The above calculations will usually result in the generation of "too many" threads in my grid. I will have some "extra threads" beyond the end of my problem space (DX, DY) that I need to handle. We want these threads to "do nothing". The canonical way to handle this, is to pass the problem space dimensions to my kernel, create an appropriate globally unique thread index in my kernel, then compare that index to the maximum index in my problem space. If it exceeds it, we simply have that thread skip all remaining thread code.
Using your kernel as an example, it might look like this:
__global__ void prop_mtx( float * w, float * i, float * o, int s, const size_t d_size_x, const size_t d_size_y )
{
int x = blockIdx.x * blockDim.x + threadIdx.x;
int y = blockIdx.y * blockDim.y + threadIdx.y;
if ((x < d_size_x) && (y < d_size_y)) // thread check
o[y + x * s] = w[x] * i[y];
}
Note that such a thread check will create threads (in some blocks) that are "not participating" in the subsequent code. A point to be aware of here is that the usage of __syncthreads() depends on all threads in a block participating. Therefore, we should not use __syncthreads() directly in such a case. Instead, we have to condition threadblock behavior appropriately:
__global__ void prop_mtx( float * w, float * i, float * o, int s, const size_t d_size_x, const size_t d_size_y )
{
int x = blockIdx.x * blockDim.x + threadIdx.x;
int y = blockIdx.y * blockDim.y + threadIdx.y;
if ((x < d_size_x) && (y < d_size_y)) // thread check
{
o[y + x * s] = w[x] * i[y];
// and other code not dependent on __syncthreads()
}
// now it is safe to use since all threads are participating
__syncthreads();
if ((x < d_size_x) && (y < d_size_y)) // thread check
{
// rest of kernel code
}
}
Note that it is possible to have a smaller number of threads perform the necessary computations for a larger number of output data points. The 1:1 correspondence between threads and output data is an easy way to think about and write the cuda kernel code, but it's not the only way. One other possible method would be to use some form of a grid-striding loop, so that a smaller grid can cover a larger problem space. Discussion of those strategies is outside the scope of this answer, and the basic methodology discussed in this answer should be understood before tackling other approaches.

CUDA Thread IDs

I'm new to CUDA programming and I have the following problem.

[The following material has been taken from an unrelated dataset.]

(* Consider the following ZP-OFDM model with no timing offset (hypothesis ${\rm H}_0$, $d=0$). Let $n_{\rm x}\ge1$, $n_{\rm h}\ge 1$, $n_{\rm z}\ge n_{\rm h}$ and $n_{\rm s}=n_{\rm x}+n_{\rm z}$. For block index $n\ge 0$, the transmitted block is $s_n[k]=x_n[k]$ for $0\le k\le n_{\rm x}-1$ and $s_n[k]=0$ for $n_{\rm x}\le k\le n_{\rm s}-1$ (and $s_n[k]=0$ for $k<0$), where the data samples $x_n[k]$ are i.i.d. $\mathcal{CN}(0,\sigma_{\rm x}^2)$. For $n\ge 0$ and $0\le m\le n_{\rm s}-1$ the received sample is $$y_n[m]=\sum_{l=0}^{n_{\rm h}-1}h[nn_{\rm s}+m;l]\,s_n[m-l]+w_n[m],$$ and for $n<0$ (samples received before any transmission) $y_n[m]=w_n[m]$, where for each fixed $(n,m)$ the taps $h[nn_{\rm s}+m;l]\sim\mathcal{CN}(0,\sigma_{{\rm h}_l}^2)$, $l=0,\dots,n_{\rm h}-1$, are mutually independent, the noise $w_n[m]\sim\mathcal{CN}(0,\sigma_{\rm w}^2)$, and data, channel and noise are mutually independent. Let $y_{n_{\rm I}}[m]=\Re\{y_n[m]\}$ and let $f_{Y_{n_{\rm I}}[m]}(\cdot\,|{\rm H}_0)$ be its PDF. Then: (i) If $n<0$ and $0\le m\le n_{\rm s}-1$, or if $n\ge 0$ and $n_{\rm x}+n_{\rm h}-1\le m\le n_{\rm s}-1$, then $$f_{Y_{n_{\rm I}}[m]}(y|{\rm H}_0)=\frac{1}{\sqrt{\pi\sigma_{\rm w}^2}}\exp\Big(-\frac{y^2}{\sigma_{\rm w}^2}\Big).$$ (ii) If $n\ge 0$ and $0\le m\le n_{\rm x}+n_{\rm h}-2$, define $\lambda_k=2/(\sigma_{{\rm h}_k}\sigma_{\rm x})$ and $$(a,b)=\begin{cases}(0,m), & 0\le m\le n_{\rm h}-2,\\ (0,n_{\rm h}-1), & n_{\rm h}-1\le m\le n_{\rm x}-1,\\ (m-n_{\rm x}+1,\,n_{\rm h}-1), & n_{\rm x}\le m\le n_{\rm x}+n_{\rm h}-2,\end{cases}$$ and assume $\lambda_a,\dots,\lambda_b$ are pairwise distinct. Then $f_{Y_{n_{\rm I}}[m]}(y|{\rm H}_0)=f_{Y_{n_{\rm I}}[m]}(-y|{\rm H}_0)$ and $$f_{Y_{n_{\rm I}}[m]}(y|{\rm H}_0)=\Big(\prod_{i=a}^{b}\lambda_i\Big)^2\sum_{j=a}^{b}\sum_{n'=a}^{b}\frac{e^{(\lambda_j\sigma_{\rm w}/2)^2}}{\prod_{k=a,k\neq j}^{b}(\lambda_k-\lambda_j)\;\prod_{u=a,u\neq n'}^{b}(\lambda_u-\lambda_{n'})\;(\lambda_j+\lambda_{n'})}\cdot\frac12\Big[e^{-\lambda_j y}\Big(1-\Phi\Big(\frac{\lambda_j\sigma_{\rm w}}{2}-\frac{y}{\sigma_{\rm w}}\Big)\Big)+e^{\lambda_j y}\Big(1-\Phi\Big(\frac{\lambda_j\sigma_{\rm w}}{2}+\frac{y}{\sigma_{\rm w}}\Big)\Big)\Big],$$ where empty products equal $1$. The same expressions hold for the PDF of the quadrature component $\Im\{y_n[m]\}$.
   Context: $\mathcal{CN}(0,\sigma^2)$ denotes a circularly-symmetric zero-mean complex Gaussian random variable with variance $\sigma^2$ (so its real and imaginary parts are independent $\mathcal{N}(0,\sigma^2/2)$). $\Phi(x)=\mathrm{erf}(x)=\frac{2}{\sqrt\pi}\int_0^x e^{-t^2}\,dt$ is the Gaussian error function. $\sigma_{{\rm h}_l}^2$, $l=0,\dots,n_{\rm h}-1$, is the (known) power delay profile of the channel, with $\sigma_{{\rm h}_l}>0$. *)

theory Defs
  imports "HOL-Probability.Probability"
begin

If I use the following code to perform matrix multiplication, since CUDA uses Cartesian indexing for thread indexing and C/C++ use row major indexing for matrices, wouldn't it influence the accuracy of the calculation?
__global__ void gpuMM(float *A, float *B, float *C, int N)
{
// Matrix multiplication for NxN matrices C=A*B
// Each thread computes a single element of C
int col = blockIdx.y*blockDim.y + threadIdx.y;
int row = blockIdx.x*blockDim.x + threadIdx.x;
float sum = 0.f;
for (int n = 0; n < N; ++n)
sum += A[row*N+n]*B[n*N+col];
C[row*N+col] = sum;
}
CUDA doesn't imply any memory storage structure. You can say CUDA C is row-major for matrix storage, but that is due to C, not CUDA. (CUDA Fortran would be column-major.) Thread indexing dimensions are arbitrary. They do not imply a data storage order in memory.

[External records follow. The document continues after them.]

lemma nu_C_infinite:
  assumes "bot_free_run \<pi>" "\<forall>n. \<pi> n \<noteq> ATop"
  shows "nu_C mu i \<pi> = ereal (mu i (iconcat (devpart \<pi>)))"
  using assms unfolding nu_C_def bot_free_run_def by auto

text \<open>Unless Challenger accepts, a Prover state with a nonempty deviation prefix comes every
  second or third step.\<close>

lemma dev_hist_grows:
  assumes run: "bot_free_run \<pi>" and nt: "\<forall>n. \<pi> n \<noteq> ATop"
  shows "length (dev_hist (prefix n \<pi>)) < length (dev_hist (prefix (n + 3) \<pi>))"
proof -
  have tr: "\<forall>n. abs_step (\<pi> n) (\<pi> (Suc n))" and nb: "\<forall>n. \<pi> n \<noteq> ABot"
    using run unfolding bot_free_run_def by auto
  have "\<exists>m hv. n \<le> m \<and> m \<le> n + 1 \<and> \<pi> (Suc m) = PSt hv"
  proof (cases "\<pi> (Suc n)")
    case (PSt hv)
    then show ?thesis by (intro exI[of _ n]) simp
  next
    case (CSt \<rho>)
    then have "abs_step (CSt \<rho>) (\<pi> (Suc (Suc n)))" using tr by metis
    then obtain hv where "\<pi> (Suc (Suc n)) = PSt hv" using abs_step_CSt nt by blast
    then show ?thesis by (intro exI[of _ "Suc n"]) simp
  qed (use nt nb in blast)+
  then obtain m hv where m: "n \<le> m" "m \<le> n + 1" "\<pi> (Suc m) = PSt hv" by blast
  moreover obtain \<rho> d v where "hv = prefix (Suc d) \<rho> @ [v]"
    using abs_step_to_PSt tr m(3) by metis
  ultimately have "dev_part (\<pi> (Suc m)) \<noteq> []" by simp
  then have "length (dev_hist (prefix (Suc m) \<pi>)) < length (dev_hist (prefix (Suc (Suc m)) \<pi>))"
    by (simp add: prefix_Suc[where n="Suc m"])
  moreover have "length (dev_hist (prefix n \<pi>)) \<le> length (dev_hist (prefix (Suc m) \<pi>))"
    using m by (intro length_dev_hist_prefix_mono) simp
  moreover have "length (dev_hist (prefix (Suc (Suc m)) \<pi>)) \<le> length (dev_hist (prefix (n + 3) \<pi>))"
    using m by (intro length_dev_hist_prefix_mono) simp
  ultimately show ?thesis by simp
qed

lemma dev_hist_unbounded:
  assumes "bot_free_run \<pi>" "\<forall>n. \<pi> n \<noteq> ATop"
  shows "\<forall>N. \<exists>n. N < length (dev_hist (prefix n \<pi>))"
proof -
  have "N \<le> length (dev_hist (prefix (3 * N) \<pi>))" for N
  proof (induct N)
    case (Suc N)
    then show ?case using dev_hist_grows[OF assms, of "3 * N"] by (simp add: add.commute)
  qed simp
  then show ?thesis by (metis Suc_le_lessD)
qed

definition valid_profile :: "('p \<Rightarrow> 'v list \<Rightarrow> 'v) \<Rightarrow> bool" where
  "valid_profile \<sigma> \<longleftrightarrow> (\<forall>j. valid_strat E own j (\<sigma> j))"

definition compatible_play :: "('p \<Rightarrow> 'v list \<Rightarrow> 'v) \<Rightarrow> (nat \<Rightarrow> 'v) \<Rightarrow> bool" where
  "compatible_play \<sigma> P \<longleftrightarrow>
     P 0 = v0 \<and> (\<forall>m. own (P m) \<noteq> i \<longrightarrow> P (Suc m) = \<sigma> (own (P m)) (prefix (Suc m) P))"

lemma is_hist_prefix: "is_play E P \<Longrightarrow> 0 < m \<Longrightarrow> is_hist E (prefix m P)"
  unfolding is_hist_def is_play_def by auto

lemma compatible_prefix: "compatible_play \<sigma> P \<Longrightarrow> 0 < m \<Longrightarrow> compatible own i \<sigma> v0 (prefix m P)"
  unfolding compatible_def compatible_play_def by (auto simp: min_def hd_conv_nth)

lemma is_play_if_prefixes:
  assumes "\<And>m. 0 < m \<Longrightarrow> is_hist E (prefix m P)"
  shows "is_play E P"
  unfolding is_play_def
proof
  fix n
  have "(prefix (Suc (Suc n)) P ! n, prefix (Suc (Suc n)) P ! Suc n) \<in> E"
    using assms[of "Suc (Suc n)"] unfolding is_hist_def by simp
  then show "(P n, P (Suc n)) \<in> E" by simp
qed

lemma compatible_play_if_prefixes:
  assumes "\<And>m. 0 < m \<Longrightarrow> compatible own i \<sigma> v0 (prefix m P)"
  shows "compatible_play \<sigma> P"
  unfolding compatible_play_def
proof (intro conjI allI impI)
  show "P 0 = v0" using assms[of 1] unfolding compatible_def by (simp add: prefix_Suc)
  fix m assume "own (P m) \<noteq> i"
  then show "P (Suc m) = \<sigma> (own (P m)) (prefix (Suc m) P)"
    using assms[of "Suc (Suc m)"] unfolding compatible_def by (auto simp: min_def)
qed

lemma nth_snoc_cases:
  assumes "Suc k < length (h @ [v])" "h \<noteq> []"
  shows "(Suc k < length h \<and> (h @ [v]) ! k = h ! k \<and> (h @ [v]) ! Suc k = h ! Suc k
            \<and> take (Suc k) (h @ [v]) = take (Suc k) h)
       \<or> ((h @ [v]) ! k = last h \<and> (h @ [v]) ! Suc k = v \<and> take (Suc k) (h @ [v]) = h)"
proof (cases "Suc k < length h")
  case False
  then have "Suc k = length h" "k = length h - 1" using assms by simp_all
  then show ?thesis using assms by (simp add: nth_append last_conv_nth)
qed (simp add: nth_append)

lemma is_hist_snoc:
  assumes "is_hist E h" "(last h, v) \<in> E"
  shows "is_hist E (h @ [v])"
  unfolding is_hist_def
proof (intro conjI allI impI)
  fix k assume k: "Suc k < length (h @ [v])"
  have "h \<noteq> []" using assms unfolding is_hist_def by simp
  then show "((h @ [v]) ! k, (h @ [v]) ! Suc k) \<in> E"
    using nth_snoc_cases[OF k] assms unfolding is_hist_def by auto
qed simp

lemma compatible_snoc:
  assumes "compatible own i \<sigma> v0 h" "h \<noteq> []" "own (last h) = i"
  shows "compatible own i \<sigma> v0 (h @ [v])"
  unfolding compatible_def
proof (intro conjI allI impI)
  show "hd (h @ [v]) = v0" using assms unfolding compatible_def by simp
  fix k assume k: "Suc k < length (h @ [v]) \<and> own ((h @ [v]) ! k) \<noteq> i"
  then show "(h @ [v]) ! Suc k = \<sigma> (own ((h @ [v]) ! k)) (take (Suc k) (h @ [v]))"
    using nth_snoc_cases[OF conjunct1[OF k] assms(2)] assms unfolding compatible_def by auto
qed

lemma is_hist_take: "is_hist E h \<Longrightarrow> 0 < m \<Longrightarrow> is_hist E (take m h)"
  unfolding is_hist_def by auto

lemma compatible_take:
  "compatible own i \<sigma> v0 h \<Longrightarrow> 0 < m \<Longrightarrow> h \<noteq> [] \<Longrightarrow> compatible own i \<sigma> v0 (take m h)"
  unfolding compatible_def by (auto simp: min_def take_take)

lemma is_play_outcome: "valid_profile \<sigma> \<Longrightarrow> is_hist E h \<Longrightarrow> is_play E (outcome own \<sigma> h)"
  unfolding is_play_def
proof
  fix n assume valid: "valid_profile \<sigma>" and h: "is_hist E h"
  show "(outcome own \<sigma> h n, outcome own \<sigma> h (Suc n)) \<in> E"
  proof (cases "Suc n < length h")
    case True then show ?thesis using h unfolding is_hist_def by (simp add: outcome_init)
  next
    case False
    then have "outcome own \<sigma> h (Suc n) = \<sigma> (own (outcome own \<sigma> h n)) (prefix (Suc n) (outcome own \<sigma> h))"
      by (intro outcome_step) simp
    moreover have "prefix (Suc n) (outcome own \<sigma> h) \<noteq> []"
      "last (prefix (Suc n) (outcome own \<sigma> h)) = outcome own \<sigma> h n"
      by (simp_all add: prefix_Suc)
    ultimately show ?thesis using valid unfolding valid_profile_def valid_strat_def by metis
  qed
qed

lemma compatible_play_outcome:
  assumes "valid_profile \<sigma>'" and agree: "\<forall>j. j \<noteq> i \<longrightarrow> \<sigma>' j = \<sigma> j"
    and h: "is_hist E h" and c: "compatible own i \<sigma> v0 h"
  shows "compatible_play \<sigma> (outcome own \<sigma>' h)"
  unfolding compatible_play_def
proof (intro conjI allI impI)
  let ?P = "outcome own \<sigma>' h"
  have ne: "h \<noteq> []" using h unfolding is_hist_def by simp
  show "?P 0 = v0" using ne c unfolding compatible_def by (simp add: outcome_init hd_conv_nth)
  fix m assume o: "own (?P m) \<noteq> i"
  show "?P (Suc m) = \<sigma> (own (?P m)) (prefix (Suc m) ?P)"
  proof (cases "Suc m < length h")
    case True
    have "take (Suc m) h = prefix (Suc m) ?P"
      using prefix_outcome[where h=h and own=own and \<sigma>=\<sigma>'] True
      by (metis subsequence_take min_def less_imp_le_nat add_0)
    then show ?thesis using True c o unfolding compatible_def by (simp add: outcome_init)
  next
    case False
    then have "?P (Suc m) = \<sigma>' (own (?P m)) (prefix (Suc m) ?P)" by (intro outcome_step) simp
    then show ?thesis using agree o by simp
  qed
qed

definition follow_play :: "(nat \<Rightarrow> 'v) \<Rightarrow> 'v list \<Rightarrow> 'v" where
  "follow_play P h = (if h \<noteq> [] \<and> h = prefix (length h) P then P (length h) else SOME w. (last h, w) \<in> E)"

Implications about data storage order in memory of course arise as you write your code. From a correctness standpoint, it does not matter if we assign row indices based on x thread dimensions or on y thread dimensions. You can write correct code for this matrix multiply example using either approach (either row based on x, or else row based on y).
However, from a coalescing standpoint, we generally want adjacent executing threads to read or write adjacent cells in memory. Adjacent threads (for execution) typically are grouped in x first. Therefore this is preferable (for your kernel code):
int row = blockIdx.y*blockDim.y + threadIdx.y;
int col = blockIdx.x*blockDim.x + threadIdx.x;
because it will allow the read of B[] and the write of C[] to coalesce.
This is easy to prove to yourself. Try it both ways, and measure the execution time of the kernel. The results are correct (match the results produced using a host-based matrix multiply) either way, but one formulation runs significantly faster than the other.
This is especially easy to try, since your kernel code implies square matrices.